GIVEN DATA:
(* Let $R$ be a commutative ring and $M$ an $R$-module. The following are equivalent: (1) $M$ is Noetherian; (2) $M$ is uniformly $(R\setminus\mathfrak p)$-Noetherian for every prime ideal $\mathfrak p$ of $R$; (3) $M$ is uniformly $(R\setminus\mathfrak m)$-Noetherian for every maximal ideal $\mathfrak m$ of $R$.
   Context: For a multiplicative subset $S$ of $R$, an $R$-module $M$ is uniformly $S$-Noetherian if there exists a single $s\in S$ such that for every submodule $N$ of $M$ there is a finitely generated submodule $F\subseteq N$ with $sN\subseteq F$. *)

theory Defs
  imports "HOL-Algebra.Module" "HOL-Algebra.Ideal"
begin

definition gen_submodule :: "('a, 'c) ring_scheme \<Rightarrow> ('a, 'b, 'm) module_scheme \<Rightarrow> 'b set \<Rightarrow> 'b set" where
  "gen_submodule R M A = \<Inter> {H. submodule H R M \<and> A \<subseteq> H}"

definition fg_submodule :: "('a, 'c) ring_scheme \<Rightarrow> ('a, 'b, 'm) module_scheme \<Rightarrow> 'b set \<Rightarrow> bool" where
  "fg_submodule R M N \<longleftrightarrow> submodule N R M \<and>
     (\<exists>A. finite A \<and> A \<subseteq> carrier M \<and> N = gen_submodule R M A)"

definition noetherian_module :: "('a, 'c) ring_scheme \<Rightarrow> ('a, 'b, 'm) module_scheme \<Rightarrow> bool" where
  "noetherian_module R M \<longleftrightarrow> (\<forall>N. submodule N R M \<longrightarrow> fg_submodule R M N)"

definition uniformly_S_noetherian :: "('a, 'c) ring_scheme \<Rightarrow> ('a, 'b, 'm) module_scheme \<Rightarrow> 'a set \<Rightarrow> bool" where
  "uniformly_S_noetherian R M S \<longleftrightarrow>
     (\<exists>s\<in>S. \<forall>N. submodule N R M \<longrightarrow>
        (\<exists>F. fg_submodule R M F \<and> F \<subseteq> N \<and> (\<lambda>x. s \<odot>\<^bsub>M\<^esub> x) ` N \<subseteq> F))"

end

theory Submission
  imports "HOL-Algebra.Ring_Divisibility" Defs
begin

text \<open>
  Noetherian modules are trivially uniformly \<open>S\<close>-Noetherian for every \<open>S \<ni> 1\<close>, and maximal
  ideals are prime; so the content is that uniform Noetherianity at every maximal ideal forces
  Noetherianity. The elements \<open>s\<close> that witness uniform Noetherianity form an ideal of \<open>R\<close>
  (sums: join the two finitely generated submodules; multiples: \<open>(r s) N = r (s N)\<close>).
  By hypothesis this ideal meets the complement of every maximal ideal, hence it contains \<open>1\<close>,
  and \<open>1\<close> being a witness means exactly that every submodule is finitely generated.
\<close>

lemma (in ring) ideal_subset_maximalideal:
  assumes "ideal I R" and "\<one> \<notin> I"
  obtains m where "maximalideal m R" and "I \<subseteq> m"
proof -
  define A where "A = {J. ideal J R \<and> I \<subseteq> J \<and> \<one> \<notin> J}"
  have "\<exists>m\<in>A. \<forall>J\<in>A. m \<subseteq> J \<longrightarrow> J = m"
  proof (rule subset_Zorn_nonempty)
    show "A \<noteq> {}"
      using assms unfolding A_def by blast
  next
    fix C assume "C \<noteq> {}" and chain: "subset.chain A C"
    then have "C \<subseteq> A"
      unfolding pred_on.chain_def by blast
    then have "subset.chain {J. ideal J R} C"
      using chain unfolding A_def pred_on.chain_def by blast
    with \<open>C \<noteq> {}\<close> have "ideal (\<Union>C) R"
      using chain_Union_is_ideal[of C] by simp
    moreover have "I \<subseteq> \<Union>C" "\<one> \<notin> \<Union>C"
      using \<open>C \<noteq> {}\<close> \<open>C \<subseteq> A\<close> unfolding A_def by auto
    ultimately show "\<Union>C \<in> A"
      unfolding A_def by blast
  qed
  then obtain m where "m \<in> A" and m_max: "\<And>J. J \<in> A \<Longrightarrow> m \<subseteq> J \<Longrightarrow> J = m"
    by blast
  then have m: "ideal m R" "I \<subseteq> m" "\<one> \<notin> m"
    unfolding A_def by auto
  have "maximalideal m R"
  proof (rule maximalidealI[OF \<open>ideal m R\<close>])
    show "carrier R \<noteq> m"
      using \<open>\<one> \<notin> m\<close> by blast
    fix J assume J: "ideal J R" "m \<subseteq> J" "J \<subseteq> carrier R"
    show "J = m \<or> J = carrier R"
    proof (cases "\<one> \<in> J")
      case True
      then show ?thesis using J ideal.one_imp_carrier by blast
    next
      case False
      with J m have "J \<in> A"
        unfolding A_def by blast
      then show ?thesis using J m_max by blast
    qed
  qed
  with m that show ?thesis by blast
qed

definition noetherian_multiplier :: "('a, 'c) ring_scheme \<Rightarrow> ('a, 'b, 'm) module_scheme \<Rightarrow> 'a \<Rightarrow> bool" where
  "noetherian_multiplier R M s \<longleftrightarrow> (\<forall>N. submodule N R M \<longrightarrow>
     (\<exists>F. fg_submodule R M F \<and> F \<subseteq> N \<and> (\<lambda>x. s \<odot>\<^bsub>M\<^esub> x) ` N \<subseteq> F))"

lemma uniformly_S_noetherian_iff:
  "uniformly_S_noetherian R M S \<longleftrightarrow> (\<exists>s\<in>S. noetherian_multiplier R M s)"
  unfolding uniformly_S_noetherian_def noetherian_multiplier_def ..

context module
begin

lemma submodule_zero_closed: "submodule H R M \<Longrightarrow> \<zero>\<^bsub>M\<^esub> \<in> H"
  using subgroup.one_closed[OF submodule.axioms(1)] by fastforce

lemma submodule_gen_submodule:
  assumes "A \<subseteq> carrier M"
  shows "submodule (gen_submodule R M A) R M"
  unfolding gen_submodule_def
proof (rule submoduleI)
  let ?S = "{H. submodule H R M \<and> A \<subseteq> H}"
  show "\<Inter>?S \<subseteq> carrier M"
    using carrier_is_submodule assms by blast
  show "\<zero>\<^bsub>M\<^esub> \<in> \<Inter>?S"
    using submodule_zero_closed by blast
  show "\<ominus>\<^bsub>M\<^esub> a \<in> \<Inter>?S" if "a \<in> \<Inter>?S" for a
    using that submoduleE(3) by blast
  show "a \<oplus>\<^bsub>M\<^esub> b \<in> \<Inter>?S" if "a \<in> \<Inter>?S" "b \<in> \<Inter>?S" for a b
    using that submoduleE(5) by blast
  show "r \<odot>\<^bsub>M\<^esub> a \<in> \<Inter>?S" if "r \<in> carrier R" "a \<in> \<Inter>?S" for r a
    using that submoduleE(4) by blast
qed

lemma gen_submodule_incl: "A \<subseteq> gen_submodule R M A"
  unfolding gen_submodule_def by blast

lemma gen_submodule_minimal: "submodule H R M \<Longrightarrow> A \<subseteq> H \<Longrightarrow> gen_submodule R M A \<subseteq> H"
  unfolding gen_submodule_def by blast

lemma gen_submodule_mono: "A \<subseteq> B \<Longrightarrow> B \<subseteq> carrier M \<Longrightarrow> gen_submodule R M A \<subseteq> gen_submodule R M B"
  using gen_submodule_incl gen_submodule_minimal submodule_gen_submodule by (meson order_trans)

lemma fg_submodule_gen_empty: "fg_submodule R M (gen_submodule R M {})"
  unfolding fg_submodule_def using submodule_gen_submodule[of "{}"] by blast

lemma fg_submodule_join:
  assumes "submodule N R M" "fg_submodule R M F1" "fg_submodule R M F2" "F1 \<subseteq> N" "F2 \<subseteq> N"
  obtains F where "fg_submodule R M F" "F1 \<union> F2 \<subseteq> F" "F \<subseteq> N"
proof -
  obtain A1 where A1: "finite A1" "A1 \<subseteq> carrier M" "F1 = gen_submodule R M A1"
    using assms(2) unfolding fg_submodule_def by blast
  obtain A2 where A2: "finite A2" "A2 \<subseteq> carrier M" "F2 = gen_submodule R M A2"
    using assms(3) unfolding fg_submodule_def by blast
  let ?F = "gen_submodule R M (A1 \<union> A2)"
  have "fg_submodule R M ?F"
    unfolding fg_submodule_def using A1 A2 submodule_gen_submodule[of "A1 \<union> A2"] by blast
  moreover have "F1 \<union> F2 \<subseteq> ?F"
    using A1 A2 gen_submodule_mono[of _ "A1 \<union> A2"] by (metis Un_subset_iff sup_ge1 sup_ge2)
  moreover have "A1 \<union> A2 \<subseteq> N"
    using A1 A2 assms(4,5) gen_submodule_incl by blast
  then have "?F \<subseteq> N"
    using gen_submodule_minimal[OF assms(1)] by blast
  ultimately show ?thesis
    using that by blast
qed

lemma noetherian_multiplier_zero: "noetherian_multiplier R M \<zero>\<^bsub>R\<^esub>"
  unfolding noetherian_multiplier_def
proof (intro allI impI)
  fix N assume N: "submodule N R M"
  let ?F = "gen_submodule R M {}"
  have "\<zero>\<^bsub>M\<^esub> \<in> ?F"
    using submodule_zero_closed submodule_gen_submodule[of "{}"] by blast
  then have "(\<lambda>x. \<zero>\<^bsub>R\<^esub> \<odot>\<^bsub>M\<^esub> x) ` N \<subseteq> ?F"
    using submoduleE(1)[OF N] by auto
  then show "\<exists>F. fg_submodule R M F \<and> F \<subseteq> N \<and> (\<lambda>x. \<zero>\<^bsub>R\<^esub> \<odot>\<^bsub>M\<^esub> x) ` N \<subseteq> F"
    using fg_submodule_gen_empty gen_submodule_minimal[OF N] by blast
qed

lemma noetherian_multiplier_add:
  assumes "a \<in> carrier R" "b \<in> carrier R" "noetherian_multiplier R M a" "noetherian_multiplier R M b"
  shows "noetherian_multiplier R M (a \<oplus>\<^bsub>R\<^esub> b)"
  unfolding noetherian_multiplier_def
proof (intro allI impI)
  fix N assume N: "submodule N R M"
  obtain F1 where F1: "fg_submodule R M F1" "F1 \<subseteq> N" "(\<lambda>x. a \<odot>\<^bsub>M\<^esub> x) ` N \<subseteq> F1"
    using assms(3) N unfolding noetherian_multiplier_def by blast
  obtain F2 where F2: "fg_submodule R M F2" "F2 \<subseteq> N" "(\<lambda>x. b \<odot>\<^bsub>M\<^esub> x) ` N \<subseteq> F2"
    using assms(4) N unfolding noetherian_multiplier_def by blast
  obtain F where F: "fg_submodule R M F" "F1 \<union> F2 \<subseteq> F" "F \<subseteq> N"
    using fg_submodule_join[OF N F1(1) F2(1) F1(2) F2(2)] .
  have "(a \<oplus>\<^bsub>R\<^esub> b) \<odot>\<^bsub>M\<^esub> x \<in> F" if "x \<in> N" for x
  proof -
    have "a \<odot>\<^bsub>M\<^esub> x \<in> F" "b \<odot>\<^bsub>M\<^esub> x \<in> F"
      using that F1(3) F2(3) F(2) by blast+
    moreover have "submodule F R M"
      using F(1) unfolding fg_submodule_def by blast
    ultimately have "a \<odot>\<^bsub>M\<^esub> x \<oplus>\<^bsub>M\<^esub> b \<odot>\<^bsub>M\<^esub> x \<in> F"
      using submoduleE(5) by blast
    moreover have "x \<in> carrier M"
      using that submoduleE(1)[OF N] by blast
    ultimately show ?thesis
      using assms(1,2) by (simp add: smult_l_distr)
  qed
  with F show "\<exists>F. fg_submodule R M F \<and> F \<subseteq> N \<and> (\<lambda>x. (a \<oplus>\<^bsub>R\<^esub> b) \<odot>\<^bsub>M\<^esub> x) ` N \<subseteq> F"
    by blast
qed

lemma noetherian_multiplier_mult:
  assumes "a \<in> carrier R" "r \<in> carrier R" "noetherian_multiplier R M a"
  shows "noetherian_multiplier R M (r \<otimes>\<^bsub>R\<^esub> a)"
  unfolding noetherian_multiplier_def
proof (intro allI impI)
  fix N assume N: "submodule N R M"
  obtain F where F: "fg_submodule R M F" "F \<subseteq> N" "(\<lambda>x. a \<odot>\<^bsub>M\<^esub> x) ` N \<subseteq> F"
    using assms(3) N unfolding noetherian_multiplier_def by blast
  have "(\<lambda>x. (r \<otimes>\<^bsub>R\<^esub> a) \<odot>\<^bsub>M\<^esub> x) ` N \<subseteq> F"
  proof clarify
    fix x assume "x \<in> N"
    then have "(r \<otimes>\<^bsub>R\<^esub> a) \<odot>\<^bsub>M\<^esub> x = r \<odot>\<^bsub>M\<^esub> (a \<odot>\<^bsub>M\<^esub> x)"
      using assms(1,2) submoduleE(1)[OF N] smult_assoc1 by blast
    then show "(r \<otimes>\<^bsub>R\<^esub> a) \<odot>\<^bsub>M\<^esub> x \<in> F"
      using \<open>x \<in> N\<close> F assms(2) submoduleE(4) unfolding fg_submodule_def by auto
  qed
  with F show "\<exists>F. fg_submodule R M F \<and> F \<subseteq> N \<and> (\<lambda>x. (r \<otimes>\<^bsub>R\<^esub> a) \<odot>\<^bsub>M\<^esub> x) ` N \<subseteq> F"
    by blast
qed

lemma ideal_noetherian_multipliers: "ideal {s \<in> carrier R. noetherian_multiplier R M s} R"
proof (rule idealI[OF R.ring_axioms])
  show "subgroup {s \<in> carrier R. noetherian_multiplier R M s} (add_monoid R)"
  proof (rule R.add.subgroupI)
    show "{s \<in> carrier R. noetherian_multiplier R M s} \<noteq> {}"
      using noetherian_multiplier_zero by blast
    show "\<ominus>\<^bsub>R\<^esub> a \<in> {s \<in> carrier R. noetherian_multiplier R M s}"
      if "a \<in> {s \<in> carrier R. noetherian_multiplier R M s}" for a
      using that noetherian_multiplier_mult[of a "\<ominus>\<^bsub>R\<^esub> \<one>\<^bsub>R\<^esub>"] by (simp add: R.l_minus)
  qed (auto intro: noetherian_multiplier_add)
next
  fix a r assume a: "a \<in> {s \<in> carrier R. noetherian_multiplier R M s}" and r: "r \<in> carrier R"
  then show ra: "r \<otimes>\<^bsub>R\<^esub> a \<in> {s \<in> carrier R. noetherian_multiplier R M s}"
    using noetherian_multiplier_mult by blast
  from a r have "a \<otimes>\<^bsub>R\<^esub> r = r \<otimes>\<^bsub>R\<^esub> a"
    using R.m_comm by blast
  with ra show "a \<otimes>\<^bsub>R\<^esub> r \<in> {s \<in> carrier R. noetherian_multiplier R M s}"
    by simp
qed

lemma image_smult_one: "H \<subseteq> carrier M \<Longrightarrow> (\<lambda>x. \<one>\<^bsub>R\<^esub> \<odot>\<^bsub>M\<^esub> x) ` H = H"
  by (force simp: subset_iff)

lemma noetherian_multiplier_one_iff: "noetherian_multiplier R M \<one>\<^bsub>R\<^esub> \<longleftrightarrow> noetherian_module R M"
proof
  assume one: "noetherian_multiplier R M \<one>\<^bsub>R\<^esub>"
  show "noetherian_module R M"
    unfolding noetherian_module_def
  proof (intro allI impI)
    fix N assume N: "submodule N R M"
    then obtain F where "fg_submodule R M F" "F \<subseteq> N" "(\<lambda>x. \<one>\<^bsub>R\<^esub> \<odot>\<^bsub>M\<^esub> x) ` N \<subseteq> F"
      using one unfolding noetherian_multiplier_def by blast
    then show "fg_submodule R M N"
      using image_smult_one[OF submoduleE(1)[OF N]] by (metis subset_antisym)
  qed
next
  assume "noetherian_module R M"
  then show "noetherian_multiplier R M \<one>\<^bsub>R\<^esub>"
    unfolding noetherian_module_def noetherian_multiplier_def
    using image_smult_one submoduleE(1) by blast
qed

lemma noetherian_if_uniformly_noetherian_at_maximalideals:
  assumes "\<And>m. maximalideal m R \<Longrightarrow> uniformly_S_noetherian R M (carrier R - m)"
  shows "noetherian_module R M"
proof (rule ccontr)
  assume "\<not> noetherian_module R M"
  then have "\<one>\<^bsub>R\<^esub> \<notin> {s \<in> carrier R. noetherian_multiplier R M s}"
    using noetherian_multiplier_one_iff by blast
  then obtain m where "maximalideal m R" and "{s \<in> carrier R. noetherian_multiplier R M s} \<subseteq> m"
    using R.ideal_subset_maximalideal[OF ideal_noetherian_multipliers] by blast
  then show False
    using assms unfolding uniformly_S_noetherian_iff by blast
qed

lemma uniformly_S_noetherian_if_noetherian:
  "noetherian_module R M \<Longrightarrow> \<one>\<^bsub>R\<^esub> \<in> S \<Longrightarrow> uniformly_S_noetherian R M S"
  unfolding uniformly_S_noetherian_iff using noetherian_multiplier_one_iff by blast

end

theorem proposition2p16:
  fixes R :: "('a, 'c) ring_scheme" and M :: "('a, 'b, 'm) module_scheme"
  assumes "module R M"
  shows "(noetherian_module R M \<longleftrightarrow>
            (\<forall>P. primeideal P R \<longrightarrow> uniformly_S_noetherian R M (carrier R - P)))
       \<and> (noetherian_module R M \<longleftrightarrow>
            (\<forall>m. maximalideal m R \<longrightarrow> uniformly_S_noetherian R M (carrier R - m)))"
proof -
  interpret module R M by fact
  let ?at_primes = "\<forall>P. primeideal P R \<longrightarrow> uniformly_S_noetherian R M (carrier R - P)"
  let ?at_maximals = "\<forall>m. maximalideal m R \<longrightarrow> uniformly_S_noetherian R M (carrier R - m)"
  have "\<one>\<^bsub>R\<^esub> \<in> carrier R - P" if "primeideal P R" for P
    using that primeideal.I_notcarr primeideal.axioms(1) ideal.one_imp_carrier by blast
  then have noetherian_at_primes: "noetherian_module R M \<Longrightarrow> ?at_primes"
    using uniformly_S_noetherian_if_noetherian by simp
  have primes_maximals: "?at_primes \<Longrightarrow> ?at_maximals"
    using R.maximalideal_prime by simp
  have maximals_noetherian: "?at_maximals \<Longrightarrow> noetherian_module R M"
    using noetherian_if_uniformly_noetherian_at_maximalideals by simp
  show ?thesis
    using noetherian_at_primes primes_maximals maximals_noetherian by argo
qed

end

WHAT TO PRODUCE:
Output only an exact transcription of the lines above from the one with "by (force simp: subset_iff)" up to and including the one with "(\<forall>P. primeideal P".

WRITTEN ANSWER:
  by (force simp: subset_iff)

lemma noetherian_multiplier_one_iff: "noetherian_multiplier R M \<one>\<^bsub>R\<^esub> \<longleftrightarrow> noetherian_module R M"
proof
  assume one: "noetherian_multiplier R M \<one>\<^bsub>R\<^esub>"
  show "noetherian_module R M"
    unfolding noetherian_module_def
  proof (intro allI impI)
    fix N assume N: "submodule N R M"
    then obtain F where "fg_submodule R M F" "F \<subseteq> N" "(\<lambda>x. \<one>\<^bsub>R\<^esub> \<odot>\<^bsub>M\<^esub> x) ` N \<subseteq> F"
      using one unfolding noetherian_multiplier_def by blast
    then show "fg_submodule R M N"
      using image_smult_one[OF submoduleE(1)[OF N]] by (metis subset_antisym)
  qed
next
  assume "noetherian_module R M"
  then show "noetherian_multiplier R M \<one>\<^bsub>R\<^esub>"
    unfolding noetherian_module_def noetherian_multiplier_def
    using image_smult_one submoduleE(1) by blast
qed

lemma noetherian_if_uniformly_noetherian_at_maximalideals:
  assumes "\<And>m. maximalideal m R \<Longrightarrow> uniformly_S_noetherian R M (carrier R - m)"
  shows "noetherian_module R M"
proof (rule ccontr)
  assume "\<not> noetherian_module R M"
  then have "\<one>\<^bsub>R\<^esub> \<notin> {s \<in> carrier R. noetherian_multiplier R M s}"
    using noetherian_multiplier_one_iff by blast
  then obtain m where "maximalideal m R" and "{s \<in> carrier R. noetherian_multiplier R M s} \<subseteq> m"
    using R.ideal_subset_maximalideal[OF ideal_noetherian_multipliers] by blast
  then show False
    using assms unfolding uniformly_S_noetherian_iff by blast
qed

lemma uniformly_S_noetherian_if_noetherian:
  "noetherian_module R M \<Longrightarrow> \<one>\<^bsub>R\<^esub> \<in> S \<Longrightarrow> uniformly_S_noetherian R M S"
  unfolding uniformly_S_noetherian_iff using noetherian_multiplier_one_iff by blast

end

theorem proposition2p16:
  fixes R :: "('a, 'c) ring_scheme" and M :: "('a, 'b, 'm) module_scheme"
  assumes "module R M"
  shows "(noetherian_module R M \<longleftrightarrow>
            (\<forall>P. primeideal P R \<longrightarrow> uniformly_S_noetherian R M (carrier R - P)))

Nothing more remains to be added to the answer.